**WHAT YOU SHOULD DO**: In the records below, find the line that contains "by (rule continuous_on_compose2[OF" and the line that contains "f (fst z)) \<in>". Set down exactly those lines and every line between them, and nothing more.

[Dataset items]
::::

lemma
  fixes \<zeta> :: "(pt \<times> pt) measure"
  assumes "P2 \<zeta>" and lip: "1-lipschitz_on UNIV f"
  shows integrable_graph_gap_sq: "integrable \<zeta> (\<lambda>z. (graph_gap f (fst z))\<^sup>2)"
    and integrable_graph_gap_increment:
      "integrable \<zeta> (\<lambda>z. graph_gap f (fst z) * (vcoord (snd z) - vcoord (fst z)))"
proof -
  have "continuous_on UNIV (\<lambda>z::pt \<times> pt. graph_gap f (fst z))"
    by (rule continuous_on_compose2[OF continuous_on_graph_gap[OF lipschitz_on_continuous_on[OF lip]]])
      (intro continuous_intros, simp)
  then have gap_meas: "(\<lambda>z::pt \<times> pt. graph_gap f (fst z)) \<in> borel_measurable borel"
    by (rule borel_measurable_continuous_onI)
  have gap_bound: "\<bar>graph_gap f (fst z)\<bar> \<le> \<bar>f 0\<bar> + 2 * norm z" for z :: "pt \<times> pt"
    using abs_graph_gap_le[OF lip, of "fst z"] abs_coords_le_norm[of z] by linarith
  show "integrable \<zeta> (\<lambda>z. (graph_gap f (fst z))\<^sup>2)"
    unfolding power2_eq_square
    by (rule P2_integrable_mult[OF assms(1) gap_meas gap_meas gap_bound gap_bound]) auto
  have "\<bar>vcoord (snd z) - vcoord (fst z)\<bar> \<le> 0 + 4 * norm z" for z :: "pt \<times> pt"
    using abs_coords_le_norm[of z] by (simp add: abs_le_iff)
  moreover have "(\<lambda>z::pt \<times> pt. vcoord (snd z) - vcoord (fst z)) \<in> borel_measurable borel"
    by measurable
  ultimately show "integrable \<zeta> (\<lambda>z. graph_gap f (fst z) * (vcoord (snd z) - vcoord (fst z)))"
    by (intro P2_integrable_mult[OF assms(1) gap_meas _ gap_bound, where c = 0 and d = 4]) auto
qed

section \<open>Martingale couplings\<close>

lemma integrable_indicator_comp_mult:
  fixes e :: "'a \<Rightarrow> real"
  assumes T[measurable]: "T \<in> M \<rightarrow>\<^sub>M N" and A[measurable]: "A \<in> sets N" and e: "integrable M e"
  shows "integrable M (\<lambda>z. indicator A (T z) * e z)"
proof (rule Bochner_Integration.integrable_bound[OF e])
  have [measurable]: "e \<in> borel_measurable M" using e by (rule borel_measurable_integrable)
  show "(\<lambda>z. indicator A (T z) * e z) \<in> borel_measurable M" by measurable
  show "AE z in M. norm (indicator A (T z) * e z) \<le> norm (e z)"
    by (intro AE_I2) (simp add: indicator_def)
qed

lemma emeasure_distr_density_eq_integral:
  fixes e :: "'a \<Rightarrow> real"
  assumes T[measurable]: "T \<in> M \<rightarrow>\<^sub>M N" and A[measurable]: "A \<in> sets N"
    and e: "integrable M e" "\<And>z. 0 \<le> e z"
  shows "emeasure (distr (density M (\<lambda>z. ennreal (e z))) N T) A
    = ennreal (\<integral>z. indicator A (T z) * e z \<partial>M)"
proof -
  have [measurable]: "e \<in> borel_measurable M" using e(1) by (rule borel_measurable_integrable)
  have "emeasure (distr (density M (\<lambda>z. ennreal (e z))) N T) A
      = (\<integral>\<^sup>+z. ennreal (e z) * indicator (T -` A \<inter> space M) z \<partial>M)"
    by (simp add: emeasure_distr emeasure_density)
  also have "\<dots> = (\<integral>\<^sup>+z. ennreal (indicator A (T z) * e z) \<partial>M)"
    by (intro nn_integral_cong) (simp add: indicator_def)
  also have "\<dots> = ennreal (\<integral>z. indicator A (T z) * e z \<partial>M)"
    using integrable_indicator_comp_mult[OF T A e(1)] e(2) by (intro nn_integral_eq_integral) auto
  finally show ?thesis .
qed

text \<open>
  The hypothesis says that the images under \<open>T\<close> of the measures with densities \<open>max 0 g\<close> and
  \<open>max 0 (- g)\<close> agree, so \<open>h\<close> has the same integral against both.
\<close>
lemma integral_mult_eq_0_if_indicator_integrals_eq_0:
  fixes g :: "'a \<Rightarrow> real" and h :: "'b \<Rightarrow> real"
  assumes T[measurable]: "T \<in> M \<rightarrow>\<^sub>M N" and g: "integrable M g"
    and h[measurable]: "h \<in> borel_measurable N" and hg: "integrable M (\<lambda>z. h (T z) * g z)"
    and ind: "\<And>A. A \<in> sets N \<Longrightarrow> (\<integral>z. indicator A (T z) * g z \<partial>M) = 0"
  shows "(\<integral>z. h (T z) * g z \<partial>M) = 0"
proof -
  have [measurable]: "g \<in> borel_measurable M" using g by (rule borel_measurable_integrable)
  define gp where "gp z = max 0 (g z)" for z
  define gn where "gn z = max 0 (- g z)" for z
  have parts_meas[measurable]: "gp \<in> borel_measurable M" "gn \<in> borel_measurable M"
    unfolding gp_def gn_def by measurable
  have parts: "integrable M gp" "integrable M gn" "\<And>z. \<bar>gp z\<bar> \<le> \<bar>g z\<bar>" "\<And>z. \<bar>gn z\<bar> \<le> \<bar>g z\<bar>"
    "\<And>z. 0 \<le> gp z" "\<And>z. 0 \<le> gn z" "\<And>z. g z = gp z - gn z"
    unfolding gp_def gn_def using g by auto
  have same_image:
    "distr (density M (\<lambda>z. ennreal (gp z))) N T = distr (density M (\<lambda>z. ennreal (gn z))) N T"
  proof (rule measure_eqI)
    fix A assume "A \<in> sets (distr (density M (\<lambda>z. ennreal (gp z))) N T)"
    then have A[measurable]: "A \<in> sets N" by simp
    have "(\<integral>z. indicator A (T z) * gp z \<partial>M) - (\<integral>z. indicator A (T z) * gn z \<partial>M)
        = (\<integral>z. indicator A (T z) * g z \<partial>M)"
      using integrable_indicator_comp_mult[OF T A parts(1)] integrable_indicator_comp_mult[OF T A parts(2)]
      by (subst Bochner_Integration.integral_diff[symmetric]) (auto simp: parts(7) algebra_simps)
    then show "emeasure (distr (density M (\<lambda>z. ennreal (gp z))) N T) A
        = emeasure (distr (density M (\<lambda>z. ennreal (gn z))) N T) A"
      using ind[OF A] parts by (simp add: emeasure_distr_density_eq_integral)
  qed simp
  have "integral\<^sup>L (distr (density M (\<lambda>z. ennreal (e z))) N T) h = (\<integral>z. e z * h (T z) \<partial>M)"
    if [measurable]: "e \<in> borel_measurable M" and "\<And>z. 0 \<le> e z" for e
    using that(2) by (simp add: integral_distr integral_density)
  then have parts_eq: "(\<integral>z. gp z * h (T z) \<partial>M) = (\<integral>z. gn z * h (T z) \<partial>M)"
    by (metis parts_meas parts(5,6) same_image)
  have int_parts: "integrable M (\<lambda>z. e z * h (T z))"
    if [measurable]: "e \<in> borel_measurable M" and "\<And>z. \<bar>e z\<bar> \<le> \<bar>g z\<bar>" for e
  proof (rule Bochner_Integration.integrable_bound[OF hg])
    show "(\<lambda>z. e z * h (T z)) \<in> borel_measurable M" by measurable
    show "AE z in M. norm (e z * h (T z)) \<le> norm (h (T z) * g z)"
    proof (rule AE_I2)
      show "norm (e z * h (T z)) \<le> norm (h (T z) * g z)" for z
        using mult_right_mono[OF that(2)[of z] abs_ge_zero[of "h (T z)"]] by (simp add: abs_mult mult.commute)
    qed
  qed
  have "(\<integral>z. h (T z) * g z \<partial>M) = (\<integral>z. gp z * h (T z) - gn z * h (T z) \<partial>M)"
    by (rule Bochner_Integration.integral_cong) (auto simp: parts(7) algebra_simps)
  also have "\<dots> = (\<integral>z. gp z * h (T z) \<partial>M) - (\<integral>z. gn z * h (T z) \<partial>M)"
    using int_parts parts(3,4) by (intro Bochner_Integration.integral_diff) auto
  finally show ?thesis using parts_eq by simp
qed

lemma GammaD:
  assumes "\<zeta> \<in> Gamma \<nu>"
  shows "P2 \<zeta>" "sets \<zeta> = sets borel" "distr \<zeta> borel snd = \<nu>"
    "\<And>A. A \<in> sets borel \<Longrightarrow> (\<integral>z. indicator A (fst z) *\<^sub>R (snd z - fst z) \<partial>\<zeta>) = 0"
  using assms unfolding Gamma_def P2_def by auto

lemma Gamma_integral_increment_eq_0:
  fixes h :: "pt \<Rightarrow> real"
  assumes Z: "\<zeta> \<in> Gamma \<nu>" and h: "h \<in> borel_measurable borel"
    and hi: "integrable \<zeta> (\<lambda>z. h (fst z) * (vcoord (snd z) - vcoord (fst z)))"
  shows "(\<integral>z. h (fst z) * (vcoord (snd z) - vcoord (fst z)) \<partial>\<zeta>) = 0"
proof (rule integral_mult_eq_0_if_indicator_integrals_eq_0[OF _ _ h hi])
  note \<zeta> = GammaD[OF Z]
  have norm_increment: "norm (snd z - fst z) \<le> 0 + 2 * norm z" for z :: "pt \<times> pt"
    using norm_triangle_ineq4[of "snd z" "fst z"] norm_fst_le[of "fst z" "snd z"]
      norm_snd_le[of "snd z" "fst z"] by simp
  show "fst \<in> \<zeta> \<rightarrow>\<^sub>M borel"
    by (subst measurable_cong_sets[OF \<zeta>(2) refl]) measurable
  show "integrable \<zeta> (\<lambda>z. vcoord (snd z) - vcoord (fst z))"
  proof (rule P2_integrable_affine[OF \<zeta>(1), where a = 0 and b = 4])
    show "norm (vcoord (snd z) - vcoord (fst z)) \<le> 0 + 4 * norm z" for z
      using abs_coords_le_norm[of z] by (simp add: abs_le_iff)
  qed auto
  fix A :: "pt set" assume [measurable]: "A \<in> sets borel"
  have "integrable \<zeta> (\<lambda>z. indicator A (fst z) *\<^sub>R (snd z - fst z))"
    using norm_increment
    by (intro P2_integrable_affine[OF \<zeta>(1), where a = 0 and b = 2])
      (auto simp: indicator_def intro: order.trans)
  then have "(\<integral>z. (\<lambda>p. snd p - fst p) (indicator A (fst z) *\<^sub>R (snd z - fst z)) \<partial>\<zeta>) = 0"
    using \<zeta>(4)[of A] by (subst integral_bounded_linear)
      (auto intro: bounded_linear_sub bounded_linear_fst bounded_linear_snd)
  then show "(\<integral>z. indicator A (fst z) * (vcoord (snd z) - vcoord (fst z)) \<partial>\<zeta>) = 0"
    by (simp add: algebra_simps)
qed

section \<open>The duality estimate\<close>

lemma INF_Rats_eq_INF:
  fixes F :: "real \<Rightarrow> real"
  assumes "continuous_on UNIV F"
  shows "(INF t\<in>\<rat>. ereal (F t)) = (INF t. ereal (F t))"
proof (rule antisym)
  show "(INF t. ereal (F t)) \<le> (INF t\<in>\<rat>. ereal (F t))" by (rule INF_superset_mono) auto
next
  define a where "a = (INF t\<in>\<rat>. ereal (F t))"
  have "a \<le> ereal (F t)" for t
  proof (cases a)
    case (real b)
    have "closed {t. b \<le> F t}" using assms by (intro closed_Collect_le) (auto intro: continuous_intros)
    moreover have "\<rat> \<subseteq> {t. b \<le> F t}"
    proof
      fix q :: real assume "q \<in> \<rat>"
      then have "a \<le> ereal (F q)" unfolding a_def by (rule INF_lower)
      then show "q \<in> {t. b \<le> F t}" using real by simp
    qed
    ultimately have "closure \<rat> \<subseteq> {t. b \<le> F t}" by (rule closure_minimal[rotated])
    then show ?thesis using real Rats_closure_real by auto
  next
    case PInf
    have "a \<le> ereal (F 0)" unfolding a_def by (rule INF_lower) simp
    then show ?thesis using PInf by simp
  qed simp
  then show "a \<le> (INF t. ereal (F t))" by (simp add: le_INF_iff)
qed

::::

**FINAL ANSWER**:
    by (rule continuous_on_compose2[OF continuous_on_graph_gap[OF lipschitz_on_continuous_on[OF lip]]])
      (intro continuous_intros, simp)
  then have gap_meas: "(\<lambda>z::pt \<times> pt. graph_gap f (fst z)) \<in> borel_measurable borel"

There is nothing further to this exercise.